The Lotus-Toru Dutt (1856-1877)

Love came to Flora asking for a flower
That would of flowers be undisputed queen,
The lily and the rose, long, long had been
Rivals for that high honour. Bards of power
Had sung their claims. “The rose can never tower
Like the pale lily with her Juno mien”–
“But is the lily lovelier?” Thus between
Flower-factions rang the strife in Psyche’s bower.

Explanation …. Love is the name of the beautiful princess who was courted by Cupid (the god of love in Roman mythology). Cupid wanted to make Love his wife. Love has the mythological name ‘Psyche’.
a. On one occasion, Love approached Flora (The Roman Goddess of flowers and spring) and asked for a flower that would have the magnetic seductiveness of the rose, and the majesty, grace and freshness of the lily.
b. For a long time, the rose and the lily had vied (competed) for the high throne of Queen of Flowers. The competition had become quite keen due to the patronizing of the two rival flowers by eminent poets.
c. The poets who adored rose criticized lily saying it looked pale and stood looking like the goddess Juno. Those who admired lily heaped praise on it profusely. Thus, the flower loving poet community was split into two factions – the rose camp and the lily camp. They engaged in their arguments sitting under the cool shade of the Psyche tree.

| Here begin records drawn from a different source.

(* Let $\varphi\in\Phi$ be arbitrary. Then there exist uncountably many entire transcendental functions $f(z)=c_0+c_1z+c_2z^2+\cdots$ with all $c_j\in\mathbb{Q}\setminus\{0\}$ such that for every $s\in\{0,1,2,\ldots\}$: (i) $f^{(s)}(0)\in\mathbb{Q}$; (ii) $f^{(s)}(\mathbb{Q}\setminus\{0\})\subseteq\mathscr{L}$; (iii) $f^{(s)}(\mathscr{L}_{\varphi}^{\ast})\subseteq\mathscr{L}$.
   Context: An entire transcendental function is an entire function that is not a polynomial. $\mathscr{L}$ is the set of Liouville numbers (real irrational $\zeta$ such that for every $\eta>0$ there are infinitely many rationals $y/x$, $x\geq1$, with $|\zeta-y/x|\leq x^{-\eta}$). $\Vert\alpha\Vert$ is the distance from $\alpha$ to the nearest integer. $\Phi$ is the set of non-decreasing $\varphi:\mathbb{R}_{\geq 2}\to\mathbb{R}_{\geq 2}$ with $\lim_{x\to\infty}\varphi(x)=\infty$. For $\varphi\in\Phi$, $\mathscr{L}_{\varphi}^{\ast}$ is the set of $\zeta\in\mathscr{L}$ for which there is $N_0(\zeta)$ such that for every integer $N\geq N_0(\zeta)$ there is an integer $q$ with $2\leq q\leq\varphi(N)$ and $\Vert q\zeta\Vert\leq q^{-N}$. $f^{(s)}$ is the $s$-th derivative, $f^{(0)}=f$. *)

theory Defs
  imports "HOL-Analysis.Analysis"
begin

definition Liouville_set :: "real set" where
  "Liouville_set = {\<zeta>. \<zeta> \<notin> \<rat> \<and>
     (\<forall>\<eta>>0. infinite {r :: real. \<exists>y x :: int. x \<ge> 1 \<and> r = of_int y / of_int x \<and>
        \<bar>\<zeta> - of_int y / of_int x\<bar> \<le> (of_int x) powr (- \<eta>)})}"

definition dist_int :: "real \<Rightarrow> real" where
  "dist_int \<alpha> = (INF k\<in>(\<int>::real set). \<bar>\<alpha> - k\<bar>)"

definition Phi_class :: "(real \<Rightarrow> real) set" where
  "Phi_class = {\<phi>. mono_on {2..} \<phi> \<and> (\<forall>x\<ge>2. \<phi> x \<ge> 2) \<and> filterlim \<phi> at_top at_top}"

definition Liouville_phi_star :: "(real \<Rightarrow> real) \<Rightarrow> real set" where
  "Liouville_phi_star \<phi> = {\<zeta> \<in> Liouville_set. \<exists>N0::nat. \<forall>N::nat\<ge>N0.
      \<exists>q::int. 2 \<le> q \<and> real_of_int q \<le> \<phi> (real N) \<and>
        dist_int (of_int q * \<zeta>) \<le> (of_int q) powr (- real N)}"

definition entire_transcendental :: "(complex \<Rightarrow> complex) \<Rightarrow> bool" where
  "entire_transcendental f \<longleftrightarrow> f holomorphic_on UNIV \<and>
     \<not> (\<exists>p :: complex poly. \<forall>z. f z = poly p z)"

end

theory Submission
  imports Defs
begin

text \<open>
  Take f(z) = \<Sum>_k a_k z^k / D_k, where the digits a_k \<in> {1, 2} encode an arbitrary bit
  sequence (so there are uncountably many such f) and D_k divides D_(k+1) and grows so fast
  that f^(s) is entire with rational Taylor coefficients at 0.  Nonzero rationals and
  elements of L*_\<phi> both admit, for all large N, approximations p/q with q \<le> \<phi>(N) and
  |\<zeta> - p/q| \<le> q^-(N+1).  Choosing N in terms of n, the n-th partial sum of f^(s) at p/q
  is a fraction with denominator X = q^n D_(n+s) that approximates f^(s)(\<zeta>) within X^-n:
  the Lipschitz error is killed by the size of N, the tail by the growth of D.  These are
  Liouville approximations.  If f^(s)(\<zeta>) were a rational a/B, the approximating fractions
  would eventually equal a/B; the rational root theorem then bounds the reduced denominator
  of p/q polynomially in n, so consecutive approximations p/q coincide and hence equal \<zeta>.
  Then two consecutive partial sums at \<zeta> agree, contradicting the positivity of the
  coefficients.
\<close>

section \<open>Power series\<close>

lemma diffs_funpow:
  "(diffs ^^ s) c k = of_nat (pochhammer (Suc k) s) * c (k + s)"
proof (induction s arbitrary: k)
  case (Suc s)
  have "(diffs ^^ Suc s) c k = of_nat (Suc k) * (diffs ^^ s) c (Suc k)"
    by (simp add: diffs_def)
  then show ?case by (simp add: Suc pochhammer_rec algebra_simps)
qed simp

lemma pochhammer_Suc_le_power: "pochhammer (Suc k) s \<le> (k + s) ^ s"
proof (induction s arbitrary: k)
  case (Suc s)
  have "pochhammer (Suc k) (Suc s) = Suc k * pochhammer (Suc (Suc k)) s"
    by (simp add: pochhammer_rec)
  also have "\<dots> \<le> (k + Suc s) * (k + Suc s) ^ s"
    using Suc[of "Suc k"] by (intro mult_le_mono) auto
  finally show ?case by simp
qed simp

lemma pochhammer_Suc_pos: "0 < pochhammer (Suc k) s"
  by (rule pochhammer_pos) simp

lemma summable_diffs_funpow:
  fixes c :: "nat \<Rightarrow> 'a::{real_normed_field,banach}"
  assumes "\<And>z. summable (\<lambda>n. c n * z ^ n)"
  shows "summable (\<lambda>n. (diffs ^^ s) c n * z ^ n)"
proof (induction s arbitrary: z)
  case (Suc s)
  show ?case using termdiff_converges_all[OF Suc] by simp
qed (use assms in simp)

lemma deriv_funpow_powser:
  fixes c :: "nat \<Rightarrow> 'a::{real_normed_field,banach}"
  assumes "\<And>z. summable (\<lambda>n. c n * z ^ n)"
  shows "(deriv ^^ s) (\<lambda>z. \<Sum>n. c n * z ^ n) = (\<lambda>z. \<Sum>n. (diffs ^^ s) c n * z ^ n)"
proof (induction s)
  case (Suc s)
  show ?case
    using DERIV_imp_deriv[OF termdiffs_strong_converges_everywhere[OF summable_diffs_funpow[OF assms]]] Suc
    by auto
qed simp

lemma powser_nonneg_abs_le:
  fixes a :: "nat \<Rightarrow> real"
  assumes "\<And>k. 0 \<le> a k" "\<And>t. summable (\<lambda>k. a k * t ^ k)" "\<bar>t\<bar> \<le> R"
  shows "\<bar>\<Sum>k. a k * t ^ k\<bar> \<le> (\<Sum>k. a k * R ^ k)"
proof -
  have "\<bar>a k * t ^ k\<bar> \<le> a k * R ^ k" for k
    using assms by (simp add: abs_mult power_abs mult_left_mono power_mono)
  then show ?thesis
    using norm_suminf_le[of "\<lambda>k. a k * t ^ k"] assms(2) by simp
qed

lemma powser_nonneg_lipschitz:
  fixes a :: "nat \<Rightarrow> real"
  assumes "\<And>k. 0 \<le> a k" "\<And>t. summable (\<lambda>k. a k * t ^ k)" "\<bar>t\<bar> \<le> R" "\<bar>u\<bar> \<le> R"
  shows "\<bar>(\<Sum>k. a k * t ^ k) - (\<Sum>k. a k * u ^ k)\<bar> \<le> (\<Sum>k. diffs a k * R ^ k) * \<bar>t - u\<bar>"
proof -
  have "norm ((\<Sum>k. a k * t ^ k) - (\<Sum>k. a k * u ^ k)) \<le> (\<Sum>k. diffs a k * R ^ k) * norm (t - u)"
  proof (rule field_differentiable_bound[where S = "{-R..R}" and f = "\<lambda>x. \<Sum>k. a k * x ^ k"
        and f' = "\<lambda>x. \<Sum>k. diffs a k * x ^ k"])
    show "((\<lambda>x. \<Sum>k. a k * x ^ k) has_field_derivative (\<Sum>k. diffs a k * x ^ k)) (at x within {-R..R})" for x
      using termdiffs_strong_converges_everywhere[OF assms(2)] by (rule has_field_derivative_at_within)
    show "norm (\<Sum>k. diffs a k * x ^ k) \<le> (\<Sum>k. diffs a k * R ^ k)" if "x \<in> {-R..R}" for x
      using that powser_nonneg_abs_le[of "diffs a" x R] termdiff_converges_all[OF assms(2)] assms(1)
      by (auto simp: diffs_def)
  qed (use assms in auto)
  then show ?thesis by simp
qed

“Give me a flower delicious as the rose
And stately as the lily in her pride”–
“But of what colour?”–“Rose-red,” Love first chose,
Then prayed,–“No, lily-white,–or, both provide;”
And Flora gave the lotus, “rose-red” dyed,
And “lily-white,”–the queenliest flower that blows.

Explanation ….. d. Love came to Flora and asked for a flower that would have the elegance and charm of the red rose. Moments later, she changed her mind and opted for the fresh white lily. Still undecided on her choice, she asked Flora to give her a flower that would have the best of the both, the red rose and the white lily.
e. Flora quickly conceived the Lotus that had the attributes of both the red rose in colour and the majesty and towering stance of the lily. Love was greatly delighted as the Lotus was both red and stately in appearance.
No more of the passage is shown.